▶ [Exercise prompt] The data below is to be set down exactly.

+---+

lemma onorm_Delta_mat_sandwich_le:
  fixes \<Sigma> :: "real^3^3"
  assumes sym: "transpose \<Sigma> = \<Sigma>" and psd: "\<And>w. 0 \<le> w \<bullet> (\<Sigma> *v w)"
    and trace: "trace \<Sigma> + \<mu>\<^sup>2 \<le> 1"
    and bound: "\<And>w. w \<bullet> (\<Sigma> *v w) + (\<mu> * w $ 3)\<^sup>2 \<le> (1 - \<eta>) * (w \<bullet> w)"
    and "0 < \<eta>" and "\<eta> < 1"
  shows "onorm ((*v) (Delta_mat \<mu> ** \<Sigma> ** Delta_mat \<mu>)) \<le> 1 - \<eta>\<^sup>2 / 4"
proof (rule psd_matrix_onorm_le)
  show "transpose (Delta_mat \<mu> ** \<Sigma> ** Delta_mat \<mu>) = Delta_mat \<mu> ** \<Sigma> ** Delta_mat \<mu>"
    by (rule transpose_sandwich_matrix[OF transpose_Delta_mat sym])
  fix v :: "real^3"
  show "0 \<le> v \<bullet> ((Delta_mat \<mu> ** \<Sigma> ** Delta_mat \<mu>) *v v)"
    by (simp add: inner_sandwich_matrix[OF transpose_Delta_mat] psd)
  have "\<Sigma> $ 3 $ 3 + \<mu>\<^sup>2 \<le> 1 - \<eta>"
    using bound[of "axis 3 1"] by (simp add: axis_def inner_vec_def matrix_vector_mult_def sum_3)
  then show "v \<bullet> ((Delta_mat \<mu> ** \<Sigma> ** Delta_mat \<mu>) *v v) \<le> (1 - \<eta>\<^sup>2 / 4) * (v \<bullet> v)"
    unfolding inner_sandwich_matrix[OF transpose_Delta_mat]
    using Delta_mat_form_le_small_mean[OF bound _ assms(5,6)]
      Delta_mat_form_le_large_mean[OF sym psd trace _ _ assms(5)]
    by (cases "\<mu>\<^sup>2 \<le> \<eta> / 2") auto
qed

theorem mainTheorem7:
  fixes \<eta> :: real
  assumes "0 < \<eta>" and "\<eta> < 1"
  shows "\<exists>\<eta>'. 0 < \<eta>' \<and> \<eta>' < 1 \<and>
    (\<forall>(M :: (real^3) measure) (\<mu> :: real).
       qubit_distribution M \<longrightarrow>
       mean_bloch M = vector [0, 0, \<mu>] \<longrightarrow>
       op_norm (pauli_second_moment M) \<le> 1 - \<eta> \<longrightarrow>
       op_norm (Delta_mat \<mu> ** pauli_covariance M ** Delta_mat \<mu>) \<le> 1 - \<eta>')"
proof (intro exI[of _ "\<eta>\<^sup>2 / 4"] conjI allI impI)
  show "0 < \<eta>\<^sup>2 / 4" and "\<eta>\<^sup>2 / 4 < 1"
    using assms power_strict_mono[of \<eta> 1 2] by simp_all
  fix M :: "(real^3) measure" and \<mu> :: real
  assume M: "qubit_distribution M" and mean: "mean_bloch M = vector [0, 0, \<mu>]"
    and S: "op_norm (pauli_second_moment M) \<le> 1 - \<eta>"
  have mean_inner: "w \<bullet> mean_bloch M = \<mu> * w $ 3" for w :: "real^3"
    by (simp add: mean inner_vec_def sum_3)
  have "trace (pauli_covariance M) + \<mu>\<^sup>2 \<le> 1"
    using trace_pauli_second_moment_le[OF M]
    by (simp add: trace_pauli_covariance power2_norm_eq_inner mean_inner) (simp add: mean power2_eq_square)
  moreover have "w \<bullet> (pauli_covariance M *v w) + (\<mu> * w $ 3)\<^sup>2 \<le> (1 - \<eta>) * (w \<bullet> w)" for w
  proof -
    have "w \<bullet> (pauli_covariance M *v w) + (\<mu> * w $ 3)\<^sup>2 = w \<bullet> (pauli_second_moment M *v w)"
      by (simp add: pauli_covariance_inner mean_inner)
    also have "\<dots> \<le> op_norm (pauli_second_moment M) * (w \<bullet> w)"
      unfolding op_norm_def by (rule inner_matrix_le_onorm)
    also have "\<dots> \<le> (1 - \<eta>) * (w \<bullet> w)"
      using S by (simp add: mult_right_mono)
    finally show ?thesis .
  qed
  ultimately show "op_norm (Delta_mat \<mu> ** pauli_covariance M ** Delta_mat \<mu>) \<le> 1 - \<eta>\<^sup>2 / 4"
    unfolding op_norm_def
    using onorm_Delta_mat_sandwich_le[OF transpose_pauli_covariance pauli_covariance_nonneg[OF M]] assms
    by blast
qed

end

+---+

▶ [Written answer]
lemma onorm_Delta_mat_sandwich_le:
  fixes \<Sigma> :: "real^3^3"
  assumes sym: "transpose \<Sigma> = \<Sigma>" and psd: "\<And>w. 0 \<le> w \<bullet> (\<Sigma> *v w)"
    and trace: "trace \<Sigma> + \<mu>\<^sup>2 \<le> 1"
    and bound: "\<And>w. w \<bullet> (\<Sigma> *v w) + (\<mu> * w $ 3)\<^sup>2 \<le> (1 - \<eta>) * (w \<bullet> w)"
    and "0 < \<eta>" and "\<eta> < 1"
  shows "onorm ((*v) (Delta_mat \<mu> ** \<Sigma> ** Delta_mat \<mu>)) \<le> 1 - \<eta>\<^sup>2 / 4"
proof (rule psd_matrix_onorm_le)
  show "transpose (Delta_mat \<mu> ** \<Sigma> ** Delta_mat \<mu>) = Delta_mat \<mu> ** \<Sigma> ** Delta_mat \<mu>"
    by (rule transpose_sandwich_matrix[OF transpose_Delta_mat sym])
  fix v :: "real^3"
  show "0 \<le> v \<bullet> ((Delta_mat \<mu> ** \<Sigma> ** Delta_mat \<mu>) *v v)"
    by (simp add: inner_sandwich_matrix[OF transpose_Delta_mat] psd)
  have "\<Sigma> $ 3 $ 3 + \<mu>\<^sup>2 \<le> 1 - \<eta>"
    using bound[of "axis 3 1"] by (simp add: axis_def inner_vec_def matrix_vector_mult_def sum_3)
  then show "v \<bullet> ((Delta_mat \<mu> ** \<Sigma> ** Delta_mat \<mu>) *v v) \<le> (1 - \<eta>\<^sup>2 / 4) * (v \<bullet> v)"
    unfolding inner_sandwich_matrix[OF transpose_Delta_mat]
    using Delta_mat_form_le_small_mean[OF bound _ assms(5,6)]
      Delta_mat_form_le_large_mean[OF sym psd trace _ _ assms(5)]
    by (cases "\<mu>\<^sup>2 \<le> \<eta> / 2") auto
qed

theorem mainTheorem7:
  fixes \<eta> :: real
  assumes "0 < \<eta>" and "\<eta> < 1"
  shows "\<exists>\<eta>'. 0 < \<eta>' \<and> \<eta>' < 1 \<and>
    (\<forall>(M :: (real^3) measure) (\<mu> :: real).
       qubit_distribution M \<longrightarrow>
       mean_bloch M = vector [0, 0, \<mu>] \<longrightarrow>
       op_norm (pauli_second_moment M) \<le> 1 - \<eta> \<longrightarrow>
       op_norm (Delta_mat \<mu> ** pauli_covariance M ** Delta_mat \<mu>) \<le> 1 - \<eta>')"
proof (intro exI[of _ "\<eta>\<^sup>2 / 4"] conjI allI impI)
  show "0 < \<eta>\<^sup>2 / 4" and "\<eta>\<^sup>2 / 4 < 1"
    using assms power_strict_mono[of \<eta> 1 2] by simp_all
  fix M :: "(real^3) measure" and \<mu> :: real
  assume M: "qubit_distribution M" and mean: "mean_bloch M = vector [0, 0, \<mu>]"
    and S: "op_norm (pauli_second_moment M) \<le> 1 - \<eta>"
  have mean_inner: "w \<bullet> mean_bloch M = \<mu> * w $ 3" for w :: "real^3"
    by (simp add: mean inner_vec_def sum_3)
  have "trace (pauli_covariance M) + \<mu>\<^sup>2 \<le> 1"
    using trace_pauli_second_moment_le[OF M]
    by (simp add: trace_pauli_covariance power2_norm_eq_inner mean_inner) (simp add: mean power2_eq_square)
  moreover have "w \<bullet> (pauli_covariance M *v w) + (\<mu> * w $ 3)\<^sup>2 \<le> (1 - \<eta>) * (w \<bullet> w)" for w
  proof -
    have "w \<bullet> (pauli_covariance M *v w) + (\<mu> * w $ 3)\<^sup>2 = w \<bullet> (pauli_second_moment M *v w)"
      by (simp add: pauli_covariance_inner mean_inner)
    also have "\<dots> \<le> op_norm (pauli_second_moment M) * (w \<bullet> w)"
      unfolding op_norm_def by (rule inner_matrix_le_onorm)
    also have "\<dots> \<le> (1 - \<eta>) * (w \<bullet> w)"
      using S by (simp add: mult_right_mono)
    finally show ?thesis .
  qed
  ultimately show "op_norm (Delta_mat \<mu> ** pauli_covariance M ** Delta_mat \<mu>) \<le> 1 - \<eta>\<^sup>2 / 4"
    unfolding op_norm_def
    using onorm_Delta_mat_sandwich_le[OF transpose_pauli_covariance pauli_covariance_nonneg[OF M]] assms
    by blast
qed

end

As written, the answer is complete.